What you should do » Could you write out, word for word, each line from the one containing "topology). Functions are" to the last line of the data below, both included and nothing more?

Given entries »
(* Let $\varphi\in\mathcal G(X)$. For every one-dimensional subspace $Y\subset X$ and every $y\in Y\setminus\{0\}$, the limit $$(\tau_Y\varphi)(x):=\lim_{t\to+\infty}\varphi(x+ty)$$ exists for all $x\in X$ and does not depend on the choice of $y$. If $\tau_Y\varphi=0$ for all one-dimensional subspaces $Y$ of $X$, then $\varphi\in C_0(X)$.
   Context: Let $X$ be a finite-dimensional real vector space. For a vector subspace $Y\subset X$ let $\pi_Y:X\to X/Y$ be the quotient map. Identify $C_0(X/Y)$ (continuous functions on $X/Y$ vanishing at infinity) with the set of functions $\phi\circ\pi_Y$ on $X$; for $Y=X$ this gives the constants. The Grassmann algebra $\mathcal G(X)$ is the norm closure (in the sup norm) of $\sum_Y C_0(X/Y)$, the sum running over all vector subspaces $Y$ of $X$. *)

theory Defs
  imports "HOL-Analysis.Analysis"
begin

text \<open>X is modelled by a type 'a of class euclidean_space (a finite-dimensional
real inner product space; any norm on a finite-dimensional space gives the same
topology). Functions are complex-valued.\<close>

text \<open>C_0(X/Y), identified with functions phi o pi_Y on X: continuous functions on X
that are invariant under translations by Y and vanish at infinity in X/Y, where the
quotient norm of the class of x is infdist x Y.\<close>
definition C0quot :: "'a::euclidean_space set \<Rightarrow> ('a \<Rightarrow> complex) set" where
  "C0quot Y = {f. continuous_on UNIV f \<and> (\<forall>x y. y \<in> Y \<longrightarrow> f (x + y) = f x) \<and>
      (\<forall>e>0. \<exists>R. \<forall>x. R \<le> infdist x Y \<longrightarrow> norm (f x) < e)}"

Output for this task »
topology). Functions are complex-valued.\<close>

text \<open>C_0(X/Y), identified with functions phi o pi_Y on X: continuous functions on X
that are invariant under translations by Y and vanish at infinity in X/Y, where the
quotient norm of the class of x is infdist x Y.\<close>
definition C0quot :: "'a::euclidean_space set \<Rightarrow> ('a \<Rightarrow> complex) set" where
  "C0quot Y = {f. continuous_on UNIV f \<and> (\<forall>x y. y \<in> Y \<longrightarrow> f (x + y) = f x) \<and>
      (\<forall>e>0. \<exists>R. \<forall>x. R \<le> infdist x Y \<longrightarrow> norm (f x) < e)}"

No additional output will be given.